Zgadzam się, że Waltz użył bardzo podobnych środków. Jednak po pierwsze zastanawia mnie (jak ktoś wcześniej słusznie zauważył - to dwie twarze tego samego bohatera) czy nie był to zabieg celowy. Przecież Tarantino uwielbia czynić mścicielami ciemiężonych - być może działa to też w odwrotną stronę katów czyni sprawiedliwymi. Poza tym osobiście nie czuję potrzeby, aby aktor na siłę tworzył postać inną od tej, którą już grał, żeby nie został posądzony o brak talentu - zwłaszcza jeżeli ta "stara" b. dobrze się komponuje i świetnie mu wychodzi;)
Zobacz,podobno najlepsza i najbardziej rzeczowa recka Django
http://www.youtube.com/watch?v=7FE9H30xAOs
Nie mam siły czytać wszystkich komentarzy, bo zapewne by mi życia nie starczyło i zdrowia dla "złotych uwag" niektórych, dlatego z góry przepraszam, jeśli moja opinia się powiela. Sama nie jestem wybitną specjalistką kina jak i aktorstwa, ale z tym, że gra Waltza budzi pewne kontrowersje się zgodzę. Fakt podobieństwa obu ról wynikać może z tego, że Landa jak i Schultz nie są postaciami, które pożna z czystym sumieniem podciągnąć pod definicje "antagonista", "protagonista". Landa mimo iż nazista, uwodzi swoją inteligencją i elokwencją. Schultz jest przedstawiony jako postać "dobra", ale czy można w 100% powiedzieć o nim, że był DOBRY? Wydaje mi się, że był INNY na tle amerykanów z racji tego, że pochodził z Europy i wychodziły z niego różnice kulturalne, jednak nie czyniło to z niego postaci bez skazy. Nie przedłużając, idzie konkluzja. Jeśli mamy tego samego aktora i niezwykle pokrewne w wyrazie kreacje(co moim skromnym zdaniem było zamierzone przez Tarantino) jakim sposobem moglibyśmy ominąć dywagacji na temat ich podobieństw? Ogólnie film nie powalił mnie na kolana może z racji tematyki, która dla mnie była mocno ciężkostrawna. Dobra muzyka, świetna rola Di Caprio i Jacksona. Waltz również zagrał dobrze, nie wyobrażam sobie absolutnie innego aktora, który byłby Schultz'em.

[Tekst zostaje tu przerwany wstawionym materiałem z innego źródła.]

(* Let $\sigma$ be one of the two numbers $\sigma_+$ or $\sigma_-$ (at a given point), and put $D=1+F\sigma-G^2\sigma^2$. Then the following conditions are mutually equivalent: (a) $N^2=4MP$ (i.e. $\sigma_+=\sigma_-$, and then $\sigma=\frac{N}{2M}$); (b) $\mathcal{L}_F\mathcal{L}_{GG}=N$ and $\mathcal{L}_F\mathcal{L}_{FG}=PG$; (c) $DM=\mathcal{L}_F^2$, $DN=2\mathcal{L}_F^2\sigma$ and $DP=\mathcal{L}_F^2\sigma^2$; (d) $2D\mathcal{L}_{FF}=\mathcal{L}_F\sigma(1+F\sigma)$, $D\mathcal{L}_{GG}=2\mathcal{L}_F\sigma$ and $D\mathcal{L}_{FG}=\mathcal{L}_F G\sigma^2$.
   Context: Let $F_{ab}$ be an antisymmetric tensor (background electromagnetic field) on an oriented 4-dimensional Lorentzian manifold with metric $g_{ab}$ of signature $(-,+,+,+)$; indices are raised and lowered with $g$, $\varepsilon_{abcd}$ is the volume form and ${}^{*}F_{ab}=\frac12\varepsilon_{abcd}F^{cd}$. Its invariants are $F=\frac12F_{ab}F^{ab}$ and $G=-\frac14F_{ab}\,{}^{*}F^{ab}$. Let $\mathcal{L}(F,G)$ be a smooth Lagrangian; $\mathcal{L}_F,\mathcal{L}_G,\mathcal{L}_{FF},\mathcal{L}_{FG},\mathcal{L}_{GG}$ denote its partial derivatives evaluated at the background invariants. Define $M=\mathcal{L}_F^2+2\mathcal{L}_F\mathcal{L}_{FG}G-\frac12\mathcal{L}_F\mathcal{L}_{GG}F-PG^2$, $N=2\mathcal{L}_F\mathcal{L}_{FF}+\frac12\mathcal{L}_F\mathcal{L}_{GG}-PF$, $P=\mathcal{L}_{FF}\mathcal{L}_{GG}-\mathcal{L}_{FG}^2$, and $\sigma_\pm=\frac{N}{2M}\pm\sqrt{\frac{N^2}{4M^2}-\frac{P}{M}}$ (these are real). Standing assumptions: $\mathcal{L}_F\neq0$, $M\neq0$, and $1+\sigma_\pm F-\sigma_\pm^2G^2\neq0$ for both signs. *)

theory Defs
  imports Complex_Main
begin

text \<open>All quantities are evaluated at a single spacetime point. Arguments:
  LF = L_F, LFF = L_FF, LFG = L_FG, LGG = L_GG, and F, G the background invariants.\<close>

definition PP :: "real \<Rightarrow> real \<Rightarrow> real \<Rightarrow> real" where
  "PP LFF LFG LGG = LFF * LGG - LFG ^ 2"

definition MM :: "real \<Rightarrow> real \<Rightarrow> real \<Rightarrow> real \<Rightarrow> real \<Rightarrow> real \<Rightarrow> real" where
  "MM LF LFF LFG LGG F G =
     LF ^ 2 + 2 * LF * LFG * G - (1/2) * LF * LGG * F - PP LFF LFG LGG * G ^ 2"

definition NN :: "real \<Rightarrow> real \<Rightarrow> real \<Rightarrow> real \<Rightarrow> real \<Rightarrow> real \<Rightarrow> real" where
  "NN LF LFF LFG LGG F G =
     2 * LF * LFF + (1/2) * LF * LGG - PP LFF LFG LGG * F"

definition sigma_plus :: "real \<Rightarrow> real \<Rightarrow> real \<Rightarrow> real \<Rightarrow> real \<Rightarrow> real \<Rightarrow> real" where
  "sigma_plus LF LFF LFG LGG F G =
     (let M = MM LF LFF LFG LGG F G; N = NN LF LFF LFG LGG F G; P = PP LFF LFG LGG
      in N / (2 * M) + sqrt (N ^ 2 / (4 * M ^ 2) - P / M))"

definition sigma_minus :: "real \<Rightarrow> real \<Rightarrow> real \<Rightarrow> real \<Rightarrow> real \<Rightarrow> real \<Rightarrow> real" where
  "sigma_minus LF LFF LFG LGG F G =
     (let M = MM LF LFF LFG LGG F G; N = NN LF LFF LFG LGG F G; P = PP LFF LFG LGG
      in N / (2 * M) - sqrt (N ^ 2 / (4 * M ^ 2) - P / M))"

end

theory Submission
  imports Defs
begin

text \<open>The discriminant \<open>N\<^sup>2 - 4MP\<close> of \<open>M\<sigma>\<^sup>2 - N\<sigma> + P\<close> is a sum of two squares, so it
  vanishes exactly when (b) holds, and then \<open>\<sigma> = N/(2M)\<close> is a double root.
  Multiplying \<open>M\<close>, \<open>N\<close>, \<open>P\<close> by \<open>D\<close> and using \<open>\<sigma>M = N/2\<close>, \<open>\<sigma>\<^sup>2M = P\<close> gives (c);
  conversely (c) makes \<open>D\<^sup>2(N\<^sup>2 - 4MP)\<close> vanish. (c) and (d) are related by dividing by
  \<open>L\<^sub>F\<close> and \<open>D\<close>, using (b) to express \<open>L\<^sub>FF\<close>, \<open>L\<^sub>GG\<close>, \<open>L\<^sub>FG\<close> through \<open>N\<close> and \<open>P\<close>.\<close>

lemma NN_sq_minus_MM_PP:
  "(NN LF LFF LFG LGG F G)\<^sup>2 - 4 * MM LF LFF LFG LGG F G * PP LFF LFG LGG
   = (LF * LGG - NN LF LFF LFG LGG F G)\<^sup>2 + 4 * (LF * LFG - PP LFF LFG LGG * G)\<^sup>2"
  unfolding NN_def MM_def PP_def by (simp add: power2_eq_square algebra_simps)

lemma discriminant_zero_iff:
  "(NN LF LFF LFG LGG F G)\<^sup>2 = 4 * MM LF LFF LFG LGG F G * PP LFF LFG LGG
   \<longleftrightarrow> LF * LGG = NN LF LFF LFG LGG F G \<and> LF * LFG = PP LFF LFG LGG * G"
  using NN_sq_minus_MM_PP[of LF LFF LFG LGG F G]
  by (smt (verit) zero_le_power2 zero_eq_power2)

lemma sigma_pm_double_root:
  assumes "MM LF LFF LFG LGG F G \<noteq> 0"
    and "(NN LF LFF LFG LGG F G)\<^sup>2 = 4 * MM LF LFF LFG LGG F G * PP LFF LFG LGG"
  shows "sigma_plus LF LFF LFG LGG F G = NN LF LFF LFG LGG F G / (2 * MM LF LFF LFG LGG F G)"
    and "sigma_minus LF LFF LFG LGG F G = NN LF LFF LFG LGG F G / (2 * MM LF LFF LFG LGG F G)"
proof -
  have "(NN LF LFF LFG LGG F G)\<^sup>2 / (4 * (MM LF LFF LFG LGG F G)\<^sup>2)
        - PP LFF LFG LGG / MM LF LFF LFG LGG F G = 0"
    using assms by (simp add: field_simps power2_eq_square)
  then show "sigma_plus LF LFF LFG LGG F G = NN LF LFF LFG LGG F G / (2 * MM LF LFF LFG LGG F G)"
    and "sigma_minus LF LFF LFG LGG F G = NN LF LFF LFG LGG F G / (2 * MM LF LFF LFG LGG F G)"
    unfolding sigma_plus_def sigma_minus_def Let_def by simp_all
qed

lemma MM_eq_if_coupled:
  assumes "LF * LGG = NN LF LFF LFG LGG F G" "LF * LFG = PP LFF LFG LGG * G"
  shows "MM LF LFF LFG LGG F G
         = LF\<^sup>2 + PP LFF LFG LGG * G\<^sup>2 - NN LF LFF LFG LGG F G * F / 2"
proof -
  have "MM LF LFF LFG LGG F G
        = LF\<^sup>2 + 2 * (LF * LFG) * G - (LF * LGG) * F / 2 - PP LFF LFG LGG * G\<^sup>2"
    unfolding MM_def by (simp add: algebra_simps)
  then show ?thesis unfolding assms by (simp add: power2_eq_square)
qed

lemma double_root_identities:
  fixes M N P \<sigma> :: real
  assumes "M \<noteq> 0" "N\<^sup>2 = 4 * M * P" "\<sigma> = N / (2 * M)"
  shows "\<sigma> * M = N / 2" and "\<sigma>\<^sup>2 * M = P"
proof -
  show \<sigma>M: "\<sigma> * M = N / 2" using assms(1,3) by simp
  have "4 * M * (\<sigma>\<^sup>2 * M) = (2 * (\<sigma> * M))\<^sup>2" by (simp add: power2_eq_square)
  also have "\<dots> = 4 * M * P" unfolding \<sigma>M using assms(2) by simp
  finally show "\<sigma>\<^sup>2 * M = P" using assms(1) by simp
qed

lemma coupled_imp_scaled_coefficients:
  fixes LF LFF LFG LGG F G D \<sigma> :: real
  defines "M \<equiv> MM LF LFF LFG LGG F G" and "N \<equiv> NN LF LFF LFG LGG F G"
    and "P \<equiv> PP LFF LFG LGG"
  assumes "M \<noteq> 0" "LF * LGG = N" "LF * LFG = P * G" "\<sigma> = N / (2 * M)"
    and "D = 1 + F * \<sigma> - G\<^sup>2 * \<sigma>\<^sup>2"
  shows "D * M = LF\<^sup>2 \<and> D * N = 2 * LF\<^sup>2 * \<sigma> \<and> D * P = LF\<^sup>2 * \<sigma>\<^sup>2"
proof -
  have "N\<^sup>2 = 4 * M * P"
    using assms(5,6) discriminant_zero_iff unfolding M_def N_def P_def by blast
  note \<sigma>M = double_root_identities(1)[OF assms(4) this assms(7)]
    and \<sigma>2M = double_root_identities(2)[OF assms(4) this assms(7)]
  have "D * M = M + F * (\<sigma> * M) - G\<^sup>2 * (\<sigma>\<^sup>2 * M)"
    unfolding assms(8) by (simp add: algebra_simps)
  also have "\<dots> = LF\<^sup>2"
    unfolding \<sigma>M \<sigma>2M unfolding M_def MM_eq_if_coupled[OF assms(5,6)[unfolded N_def P_def]]
    by (simp add: N_def P_def algebra_simps)
  finally have DM: "D * M = LF\<^sup>2" .
  have "N = 2 * (\<sigma> * M)" using \<sigma>M by simp
  then have "D * N = 2 * \<sigma> * (D * M)" by (simp add: algebra_simps)
  moreover have "D * P = \<sigma>\<^sup>2 * (D * M)"
    unfolding \<sigma>2M[symmetric] by (simp add: algebra_simps)
  ultimately show ?thesis using DM by (simp add: algebra_simps)
qed

lemma scaled_coefficients_imp_discriminant_zero:
  fixes M N P D \<sigma> c :: real
  assumes "D \<noteq> 0" "D * M = c" "D * N = 2 * c * \<sigma>" "D * P = c * \<sigma>\<^sup>2"
  shows "N\<^sup>2 = 4 * M * P"
proof -
  have "D\<^sup>2 * (N\<^sup>2 - 4 * M * P) = (D * N)\<^sup>2 - 4 * (D * M) * (D * P)"
    by (simp add: algebra_simps power2_eq_square)
  also have "\<dots> = 0" using assms(2-4) by (simp add: algebra_simps power2_eq_square)
  finally show ?thesis using assms(1) by simp
qed

lemma scaled_coefficients_imp_second_derivatives:
  fixes LF LFF LFG LGG F G D \<sigma> :: real
  defines "N \<equiv> NN LF LFF LFG LGG F G" and "P \<equiv> PP LFF LFG LGG"
  assumes "LF \<noteq> 0" "LF * LGG = N" "LF * LFG = P * G"
    and "D * N = 2 * LF\<^sup>2 * \<sigma>" "D * P = LF\<^sup>2 * \<sigma>\<^sup>2"
  shows "2 * D * LFF = LF * \<sigma> * (1 + F * \<sigma>) \<and> D * LGG = 2 * LF * \<sigma>
         \<and> D * LFG = LF * G * \<sigma>\<^sup>2"
proof -
  have "LF * (D * LGG) = LF * (2 * LF * \<sigma>)"
    using assms(4,6) by (simp add: algebra_simps power2_eq_square)
  moreover have "LF * (D * LFG) = LF * (LF * G * \<sigma>\<^sup>2)"
    using assms(5,7) by (simp add: algebra_simps power2_eq_square)
  moreover have "LF * (2 * D * LFF) = D * N / 2 + D * P * F"
  proof -
    have "N = 2 * LF * LFF + LF * LGG / 2 - P * F"
      unfolding N_def P_def NN_def by simp
    then have "2 * LF * LFF = N / 2 + P * F" using assms(4) by linarith
    then have "LF * (2 * D * LFF) = D * (N / 2 + P * F)" by (simp add: algebra_simps)
    then show ?thesis by (simp add: algebra_simps)
  qed
  moreover have "D * N / 2 + D * P * F = LF * (LF * \<sigma> * (1 + F * \<sigma>))"
    using assms(6,7) by (simp add: algebra_simps power2_eq_square)
  ultimately show ?thesis using assms(3) by simp
qed

lemma second_derivatives_imp_scaled_coefficients:
  fixes LF LFF LFG LGG F G D \<sigma> :: real
  defines "M \<equiv> MM LF LFF LFG LGG F G" and "N \<equiv> NN LF LFF LFG LGG F G"
    and "P \<equiv> PP LFF LFG LGG"
  assumes "D \<noteq> 0" "D = 1 + F * \<sigma> - G\<^sup>2 * \<sigma>\<^sup>2"
    and LFF: "2 * D * LFF = LF * \<sigma> * (1 + F * \<sigma>)"
    and LGG: "D * LGG = 2 * LF * \<sigma>" and LFG: "D * LFG = LF * G * \<sigma>\<^sup>2"
  shows "D * M = LF\<^sup>2 \<and> D * N = 2 * LF\<^sup>2 * \<sigma> \<and> D * P = LF\<^sup>2 * \<sigma>\<^sup>2"
proof -
  have LFF': "D * LFF = LF * \<sigma> * (1 + F * \<sigma>) / 2" using LFF by simp
  have "D * (D * P) = (D * LFF) * (D * LGG) - (D * LFG)\<^sup>2"
    unfolding P_def PP_def by (simp add: algebra_simps power2_eq_square)
  also have "\<dots> = D * (LF\<^sup>2 * \<sigma>\<^sup>2)"
    unfolding LFF' LGG LFG unfolding assms(5) by (simp add: algebra_simps power2_eq_square)
  finally have DP: "D * P = LF\<^sup>2 * \<sigma>\<^sup>2" using assms(4) by simp
  have "D * N = 2 * LF * (D * LFF) + LF * (D * LGG) / 2 - (D * P) * F"
    unfolding N_def P_def NN_def by (simp add: algebra_simps)
  also have "\<dots> = 2 * LF\<^sup>2 * \<sigma>"
    unfolding LFF' LGG DP by (simp add: algebra_simps power2_eq_square)
  finally have DN: "D * N = 2 * LF\<^sup>2 * \<sigma>" .
  have "D * M = D * LF\<^sup>2 + 2 * LF * G * (D * LFG) - LF * F * (D * LGG) / 2 - G\<^sup>2 * (D * P)"
    unfolding M_def P_def MM_def by (simp add: algebra_simps)
  also have "\<dots> = LF\<^sup>2"
    unfolding LFG LGG DP unfolding assms(5) by (simp add: algebra_simps power2_eq_square)
  finally show ?thesis using DN DP by simp
qed

theorem proposition1:
  fixes LF LFF LFG LGG F G \<sigma> :: real
  defines "M \<equiv> MM LF LFF LFG LGG F G"
    and "N \<equiv> NN LF LFF LFG LGG F G"
    and "P \<equiv> PP LFF LFG LGG"
    and "D \<equiv> 1 + F * \<sigma> - G ^ 2 * \<sigma> ^ 2"
  assumes LF_nz: "LF \<noteq> 0"
    and M_nz: "M \<noteq> 0"
    and real_roots: "N ^ 2 / (4 * M ^ 2) - P / M \<ge> 0"
    and Dp_nz: "1 + sigma_plus LF LFF LFG LGG F G * F
                  - (sigma_plus LF LFF LFG LGG F G) ^ 2 * G ^ 2 \<noteq> 0"
    and Dm_nz: "1 + sigma_minus LF LFF LFG LGG F G * F
                  - (sigma_minus LF LFF LFG LGG F G) ^ 2 * G ^ 2 \<noteq> 0"
    and sigma: "\<sigma> = sigma_plus LF LFF LFG LGG F G \<or> \<sigma> = sigma_minus LF LFF LFG LGG F G"
  shows "((N ^ 2 = 4 * M * P)
            \<longleftrightarrow> (LF * LGG = N \<and> LF * LFG = P * G))
       \<and> ((LF * LGG = N \<and> LF * LFG = P * G)
            \<longleftrightarrow> (D * M = LF ^ 2 \<and> D * N = 2 * LF ^ 2 * \<sigma> \<and> D * P = LF ^ 2 * \<sigma> ^ 2))
       \<and> ((D * M = LF ^ 2 \<and> D * N = 2 * LF ^ 2 * \<sigma> \<and> D * P = LF ^ 2 * \<sigma> ^ 2)
            \<longleftrightarrow> (2 * D * LFF = LF * \<sigma> * (1 + F * \<sigma>) \<and> D * LGG = 2 * LF * \<sigma>
                 \<and> D * LFG = LF * G * \<sigma> ^ 2))"
proof -
  have D_nz: "D \<noteq> 0" using sigma Dp_nz Dm_nz unfolding D_def by (auto simp: algebra_simps)
  have ab: "N\<^sup>2 = 4 * M * P \<longleftrightarrow> LF * LGG = N \<and> LF * LFG = P * G"
    unfolding M_def N_def P_def by (rule discriminant_zero_iff)
  have "\<sigma> = N / (2 * M)" if "N\<^sup>2 = 4 * M * P"
    using sigma sigma_pm_double_root[OF M_nz[unfolded M_def]] that
    unfolding M_def N_def P_def by auto
  then have bc: "LF * LGG = N \<and> LF * LFG = P * G
     \<longleftrightarrow> D * M = LF\<^sup>2 \<and> D * N = 2 * LF\<^sup>2 * \<sigma> \<and> D * P = LF\<^sup>2 * \<sigma>\<^sup>2"
    using ab coupled_imp_scaled_coefficients[of LF LFF LFG LGG F G \<sigma> D]
      scaled_coefficients_imp_discriminant_zero[OF D_nz] M_nz
    unfolding M_def N_def P_def D_def by blast
  have cd: "D * M = LF\<^sup>2 \<and> D * N = 2 * LF\<^sup>2 * \<sigma> \<and> D * P = LF\<^sup>2 * \<sigma>\<^sup>2
     \<longleftrightarrow> 2 * D * LFF = LF * \<sigma> * (1 + F * \<sigma>) \<and> D * LGG = 2 * LF * \<sigma>
         \<and> D * LFG = LF * G * \<sigma>\<^sup>2"
    using bc scaled_coefficients_imp_second_derivatives[OF LF_nz]
      second_derivatives_imp_scaled_coefficients[OF D_nz D_def[THEN meta_eq_to_obj_eq]]
    unfolding M_def N_def P_def by blast
  show ?thesis using ab bc cd by blast
qed

end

Taki już ma styl gry - w Wodzie dla Słoni zagrał równie podobną postać (rozbawiło mnie wspomnienie o tym właśnie w Django, gdzie chwalił się Leo, że ma doświadczenie w zarządzaniu cyrkiem w Europie). Nie każdy musi być wszechstronnie uzdolniony - Waltz po prostu robi dobrze to, co robi. I moim zdaniem wcale nie uwłacza to jego geniuszowi.